Stored items:
--- --- ---
lemma C_on_Suc:
  "C_on (Suc m) S h \<longleftrightarrow> continuous_on S h \<and>
    (\<exists>h'. C_on m S h' \<and> (\<forall>x\<in>S. (h has_field_derivative h' x) (at x within S)))"
proof
  assume "C_on (Suc m) S h"
  then obtain g where g: "g 0 = h" "\<forall>j\<le>Suc m. continuous_on S (g j)"
    "\<forall>j<Suc m. \<forall>x\<in>S. (g j has_vector_derivative g (Suc j) x) (at x within S)"
    unfolding C_on_def by blast
  have "C_on m S (g 1)"
    unfolding C_on_def using g(2,3) by (intro exI[of _ "\<lambda>j. g (Suc j)"]) auto
  moreover have "\<forall>x\<in>S. (h has_field_derivative g 1 x) (at x within S)"
    using g(1,3) by (auto simp: has_real_derivative_iff_has_vector_derivative)
  ultimately show "continuous_on S h \<and>
      (\<exists>h'. C_on m S h' \<and> (\<forall>x\<in>S. (h has_field_derivative h' x) (at x within S)))"
    using g(1,2) by force
next
  assume "continuous_on S h \<and>
      (\<exists>h'. C_on m S h' \<and> (\<forall>x\<in>S. (h has_field_derivative h' x) (at x within S)))"
  then obtain h' G where h: "continuous_on S h"
    and d: "\<forall>x\<in>S. (h has_field_derivative h' x) (at x within S)"
    and G: "G 0 = h'" "\<forall>j\<le>m. continuous_on S (G j)"
      "\<forall>j<m. \<forall>x\<in>S. (G j has_vector_derivative G (Suc j) x) (at x within S)"
    unfolding C_on_def by blast
  show "C_on (Suc m) S h"
    unfolding C_on_def
  proof (intro exI[of _ "case_nat h G"] conjI allI impI ballI)
    fix j assume "j \<le> Suc m"
    with h G(2) show "continuous_on S (case_nat h G j)"
      by (cases j) auto
  next
    fix j x assume "j < Suc m" "x \<in> S"
    with d G(1,3) show "(case_nat h G j has_vector_derivative case_nat h G (Suc j) x) (at x within S)"
      by (cases j) (auto simp: has_real_derivative_iff_has_vector_derivative)
  qed simp
qed

lemma C_on_mono:
  assumes "C_on m S h" "k \<le> m"
  shows "C_on k S h"
proof -
  from assms(1) obtain g where "g 0 = h" "\<forall>j\<le>m. continuous_on S (g j)"
    "\<forall>j<m. \<forall>x\<in>S. (g j has_vector_derivative g (Suc j) x) (at x within S)"
    unfolding C_on_def by blast
  with assms(2) show ?thesis
    unfolding C_on_def by (intro exI[of _ g]) auto
qed

lemma C_on_cong:
  assumes "C_on m S h" and eq: "\<And>x. x \<in> S \<Longrightarrow> h x = h2 x"
  shows "C_on m S h2"
proof (cases m)
  case 0
  with assms(1) have "continuous_on S h" by simp
  then show ?thesis
    using continuous_on_eq[OF _ eq] 0 by simp
next
  case (Suc k)
  obtain h' where h: "continuous_on S h" and h': "C_on k S h'"
    and d: "\<forall>x\<in>S. (h has_field_derivative h' x) (at x within S)"
    using assms(1) unfolding Suc C_on_Suc by blast
  have "(h2 has_field_derivative h' x) (at x within S)" if "x \<in> S" for x
    using d that eq by (intro has_field_derivative_transform_within[of h "h' x" x S 1 h2]) auto
  with continuous_on_eq[OF h eq] h' show ?thesis
    unfolding Suc C_on_Suc by blast
qed

lemma C_on_const: "C_on m S (\<lambda>x. c)"
proof (induction m arbitrary: c)
  case (Suc m)
  show ?case
    unfolding C_on_Suc using Suc.IH[of 0] by (intro conjI exI[of _ "\<lambda>x. 0"]) auto
qed simp

lemma C_on_add: "C_on m S h \<Longrightarrow> C_on m S k \<Longrightarrow> C_on m S (\<lambda>x. h x + k x)"
proof (induction m arbitrary: h k)
  case (Suc m)
  obtain h' k' where h: "continuous_on S h" "C_on m S h'"
      "\<forall>x\<in>S. (h has_field_derivative h' x) (at x within S)"
    and k: "continuous_on S k" "C_on m S k'" "\<forall>x\<in>S. (k has_field_derivative k' x) (at x within S)"
    using Suc.prems unfolding C_on_Suc by blast
  have "C_on m S (\<lambda>x. h' x + k' x)"
    using h(2) k(2) by (rule Suc.IH)
  moreover have "\<forall>x\<in>S. ((\<lambda>x. h x + k x) has_field_derivative h' x + k' x) (at x within S)"
    using h(3) k(3) by (auto intro: DERIV_add)
  ultimately show ?case
    unfolding C_on_Suc using continuous_on_add[OF h(1) k(1)] by blast
qed (simp add: continuous_on_add)

lemma C_on_mult: "C_on m S h \<Longrightarrow> C_on m S k \<Longrightarrow> C_on m S (\<lambda>x. h x * k x)"
proof (induction m arbitrary: h k)
  case (Suc m)
  obtain h' k' where h: "continuous_on S h" "C_on m S h'"
      "\<forall>x\<in>S. (h has_field_derivative h' x) (at x within S)"
    and k: "continuous_on S k" "C_on m S k'" "\<forall>x\<in>S. (k has_field_derivative k' x) (at x within S)"
    using Suc.prems unfolding C_on_Suc by blast
  have "C_on m S h" "C_on m S k"
    using Suc.prems by (auto intro: C_on_mono)
  then have "C_on m S (\<lambda>x. h' x * k x + k' x * h x)"
    using h(2) k(2) by (intro C_on_add Suc.IH)
  moreover have "\<forall>x\<in>S. ((\<lambda>x. h x * k x) has_field_derivative h' x * k x + k' x * h x) (at x within S)"
    using h(3) k(3) by (auto intro: DERIV_mult)
  ultimately show ?case
    unfolding C_on_Suc using continuous_on_mult[OF h(1) k(1)] by blast
qed (simp add: continuous_on_mult)

lemma C_on_inverse:
  assumes "C_on m S h" and nz: "\<And>x. x \<in> S \<Longrightarrow> h x \<noteq> 0"
  shows "C_on m S (\<lambda>x. 1 / h x)"
  using assms(1)
proof (induction m)
  case 0
  then show ?case using nz by (simp add: continuous_on_divide)
next
  case (Suc m)
  obtain h' where h: "continuous_on S h" "C_on m S h'"
      "\<forall>x\<in>S. (h has_field_derivative h' x) (at x within S)"
    using Suc.prems unfolding C_on_Suc by blast
  have "C_on m S (\<lambda>x. 1 / h x)"
    using Suc.IH C_on_mono[OF Suc.prems, of m] by simp
  then have "C_on m S (\<lambda>x. (- 1) * h' x * (1 / h x * (1 / h x)))"
    using h(2) by (intro C_on_mult C_on_const)
  moreover have "\<forall>x\<in>S. ((\<lambda>x. 1 / h x) has_field_derivative (- 1) * h' x * (1 / h x * (1 / h x))) (at x within S)"
    using h(3) nz by (auto intro!: derivative_eq_intros simp: power2_eq_square)
  ultimately show ?case
    unfolding C_on_Suc using continuous_on_divide[OF continuous_on_const h(1)] nz by auto
qed

lemma C_on_derivative:
  assumes "a < b" "C_on (Suc m) {a..b} h"
    and "\<And>y. y \<in> {a..b} \<Longrightarrow> (h has_field_derivative h' y) (at y within {a..b})"
  shows "C_on m {a..b} h'"
proof -
  obtain h'' where h'': "C_on m {a..b} h''"
    and d: "\<forall>y\<in>{a..b}. (h has_field_derivative h'' y) (at y within {a..b})"
    using assms(2) unfolding C_on_Suc by blast
  have "h'' y = h' y" if "y \<in> {a..b}" for y
    using vector_derivative_unique_within_closed_interval[of a b y h] assms(1,3) d that
    by (simp add: has_real_derivative_iff_has_vector_derivative)
  then show ?thesis
    by (rule C_on_cong[OF h''])
qed

section \<open>\<Phi>-derivatives and \<Phi>-power functions\<close>

definition phi_weight :: "(real \<Rightarrow> real) \<Rightarrow> nat \<Rightarrow> real \<Rightarrow> real" where
  "phi_weight \<Phi> j x = (if even j then \<Phi> x else 1 / \<Phi> x)"

lemma phi_weight_nonzero: "\<Phi> x \<noteq> 0 \<Longrightarrow> phi_weight \<Phi> j x \<noteq> 0"
  by (simp add: phi_weight_def)

lemma C_on_phi_weight:
  "C_on n S \<Phi> \<Longrightarrow> \<forall>x\<in>S. \<Phi> x \<noteq> 0 \<Longrightarrow> C_on n S (phi_weight \<Phi> j)"
  unfolding phi_weight_def by (cases "even j") (simp_all add: C_on_inverse)

lemma PX_eq_iterated_oint:
  "PX \<Phi> m s x = fact m * iterated_oint (\<lambda>j. phi_weight \<Phi> (Suc j)) m s x"
proof (induction m arbitrary: x)
  case (Suc m)
  have w: "(if even (Suc m) then \<Phi> \<xi> else 1 / \<Phi> \<xi>) = phi_weight \<Phi> (Suc m) \<xi>" for \<xi>
    by (simp add: phi_weight_def)
  have "(\<lambda>\<xi>. PX \<Phi> m s \<xi> * (if even (Suc m) then \<Phi> \<xi> else 1 / \<Phi> \<xi>))
      = (\<lambda>\<xi>. fact m * (iterated_oint (\<lambda>j. phi_weight \<Phi> (Suc j)) m s \<xi> * phi_weight \<Phi> (Suc m) \<xi>))"
    unfolding w Suc.IH by (simp add: mult.assoc)
  then show ?case by (simp add: oint_cmult)
qed simp

lemma PXt_eq_iterated_oint:
  "PXt \<Phi> m s x = fact m * iterated_oint (phi_weight \<Phi>) m s x"
proof (induction m arbitrary: x)
  case (Suc m)
  have w: "(if even (Suc m) then 1 / \<Phi> \<xi> else \<Phi> \<xi>) = phi_weight \<Phi> m \<xi>" for \<xi>
    by (simp add: phi_weight_def)
  have "(\<lambda>\<xi>. PXt \<Phi> m s \<xi> * (if even (Suc m) then 1 / \<Phi> \<xi> else \<Phi> \<xi>))
      = (\<lambda>\<xi>. fact m * (iterated_oint (phi_weight \<Phi>) m s \<xi> * phi_weight \<Phi> m \<xi>))"
    unfolding w Suc.IH by (simp add: mult.assoc)
  then show ?case by (simp add: oint_cmult)
qed simp

text \<open>In either parity the weights of PY k appear in reversed order: the innermost integral
  carries \<Phi>^((-1)^(k-1)) and the outermost one \<Phi>.\<close>
lemma PY_eq_iterated_oint:
  "PY \<Phi> k s x = fact k * iterated_oint (\<lambda>j. phi_weight \<Phi> (k - Suc j)) k s x"
proof (cases "odd k")
  case True
  have "iterated_oint (phi_weight \<Phi>) k s x = iterated_oint (\<lambda>j. phi_weight \<Phi> (k - Suc j)) k s x"
    by (rule iterated_oint_cong) (use True in \<open>auto simp: phi_weight_def fun_eq_iff\<close>)
  with True show ?thesis by (simp add: PY_def PXt_eq_iterated_oint)
next
  case False
  have "iterated_oint (\<lambda>j. phi_weight \<Phi> (Suc j)) k s x
      = iterated_oint (\<lambda>j. phi_weight \<Phi> (k - Suc j)) k s x"
    by (rule iterated_oint_cong) (use False in \<open>auto simp: phi_weight_def fun_eq_iff\<close>)
  with False show ?thesis by (simp add: PY_def PX_eq_iterated_oint)
qed

lemma PY_refl: "PY \<Phi> k s s = (if k = 0 then 1 else 0)"
  by (cases k) (auto simp: PY_def)

lemma PDk_0 [simp]: "PDk \<Phi> a b 0 f = f"
  by (simp add: PDk_def)

lemma PDk_Suc: "PDk \<Phi> a b (Suc k) f = phiDt (phi_weight \<Phi> k) a b (PDk \<Phi> a b k f)"
  by (auto simp: PDk_def phiD_def phiDt_def phi_weight_def fun_eq_iff)

lemma phiDt_eq:
  assumes "a < b" "y \<in> {a..b}" "(h has_field_derivative d) (at y within {a..b})"
  shows "phiDt w a b h y = d / w y"
  using vector_derivative_within_closed_interval[of a b y h d] assms
  by (simp add: phiDt_def has_real_derivative_iff_has_vector_derivative)

context
  fixes \<Phi> f :: "real \<Rightarrow> real" and a b :: real and n :: nat
  assumes ab: "a < b" and \<Phi>: "C_on n {a..b} \<Phi>" and nz: "\<forall>x\<in>{a..b}. \<Phi> x \<noteq> 0"
    and f: "C_on (Suc n) {a..b} f"
begin

lemma C_on_PDk: "k \<le> Suc n \<Longrightarrow> C_on (Suc n - k) {a..b} (PDk \<Phi> a b k f)"
proof (induction k)
  case (Suc k)
  then have "C_on (Suc (n - k)) {a..b} (PDk \<Phi> a b k f)"
    by (simp add: Suc_diff_le)
  then obtain h' where h': "C_on (n - k) {a..b} h'"
    and d: "\<forall>y\<in>{a..b}. (PDk \<Phi> a b k f has_field_derivative h' y) (at y within {a..b})"
    unfolding C_on_Suc by blast
  have "C_on (n - k) {a..b} (\<lambda>y. h' y * (1 / phi_weight \<Phi> k y))"
    using h' C_on_mono[OF C_on_phi_weight[OF \<Phi> nz]] nz
    by (intro C_on_mult C_on_inverse phi_weight_nonzero) auto
  then have "C_on (n - k) {a..b} (PDk \<Phi> a b (Suc k) f)"
    by (rule C_on_cong) (simp add: PDk_Suc phiDt_eq[OF ab _ d[rule_format]])
  then show ?case by simp
qed (simp add: f)

lemma PDk_has_field_derivative:
  assumes "k \<le> n" "y \<in> {a..b}"
  shows "(PDk \<Phi> a b k f has_field_derivative phi_weight \<Phi> k y * PDk \<Phi> a b (Suc k) f y)
    (at y within {a..b})"
proof -
  have "C_on (Suc (n - k)) {a..b} (PDk \<Phi> a b k f)"
    using C_on_PDk[of k] assms(1) by (simp add: Suc_diff_le)
  then obtain h' where d: "\<forall>y\<in>{a..b}. (PDk \<Phi> a b k f has_field_derivative h' y) (at y within {a..b})"
    unfolding C_on_Suc by blast
  moreover have "phi_weight \<Phi> k y \<noteq> 0"
    using nz assms(2) by (simp add: phi_weight_nonzero)
  ultimately show ?thesis
    using assms(2) by (simp add: PDk_Suc phiDt_eq[OF ab _ d[rule_format]])
qed

lemma taylor_formula_iterated_oint:
  assumes x0: "x0 \<in> {a..b}" and x: "x \<in> {a..b}"
  shows "f x = (\<Sum>k\<le>n. PDk \<Phi> a b k f x0 * iterated_oint (\<lambda>j. phi_weight \<Phi> (k - Suc j)) k x0 x)
    + oint x0 x (\<lambda>\<xi>. phi_weight \<Phi> n \<xi> * iterated_oint (\<lambda>j. phi_weight \<Phi> (n - Suc j)) n \<xi> x
        * PDk \<Phi> a b (Suc n) f \<xi>)"
proof -
  define K where "K k s y = iterated_oint (\<lambda>j. phi_weight \<Phi> (k - Suc j)) k s y" for k s y
  have w: "continuous_on {a..b} (phi_weight \<Phi> j)" for j
    using C_on_mono[OF C_on_phi_weight[OF \<Phi> nz], of 0] by simp
  have "PDk \<Phi> a b 0 f x = (\<Sum>k\<le>n. PDk \<Phi> a b k f x0 * K k x0 x)
      + oint x0 x (\<lambda>\<xi>. phi_weight \<Phi> n \<xi> * K n \<xi> x * PDk \<Phi> a b (Suc n) f \<xi>)"
  proof (rule taylor_formula_kernel[OF x0 x, where K = K and u = "phi_weight \<Phi>"
        and g = "\<lambda>k. PDk \<Phi> a b k f"])
    fix k s assume s: "s \<in> {a..b}"
    have "((\<lambda>s. K (Suc k) s x) has_field_derivative - (phi_weight \<Phi> (Suc k - Suc 0) s
        * iterated_oint (\<lambda>j. phi_weight \<Phi> (Suc k - Suc (Suc j))) k s x)) (at s within {a..b})"
      unfolding K_def using w by (rule has_field_derivative_iterated_oint_lower[OF _ s x])
    then show "((\<lambda>s. K (Suc k) s x) has_field_derivative - (phi_weight \<Phi> k s * K k s x))
        (at s within {a..b})"
      by (simp add: K_def)
  next
    fix k s assume "k \<le> n" "s \<in> {a..b}"
    then show "(PDk \<Phi> a b k f has_field_derivative phi_weight \<Phi> k s * PDk \<Phi> a b (Suc k) f s)
        (at s within {a..b})"
      by (rule PDk_has_field_derivative)
  next
    show "continuous_on {a..b} (PDk \<Phi> a b (Suc n) f)"
      using C_on_PDk[of "Suc n"] by simp
  qed (simp_all add: K_def w)
  then show ?thesis
    by (simp add: K_def)
qed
--- --- ---
__Required work__. Tally up the lines holding the word "obtain" in the data above, and answer with that figure only.

__Task response__. 10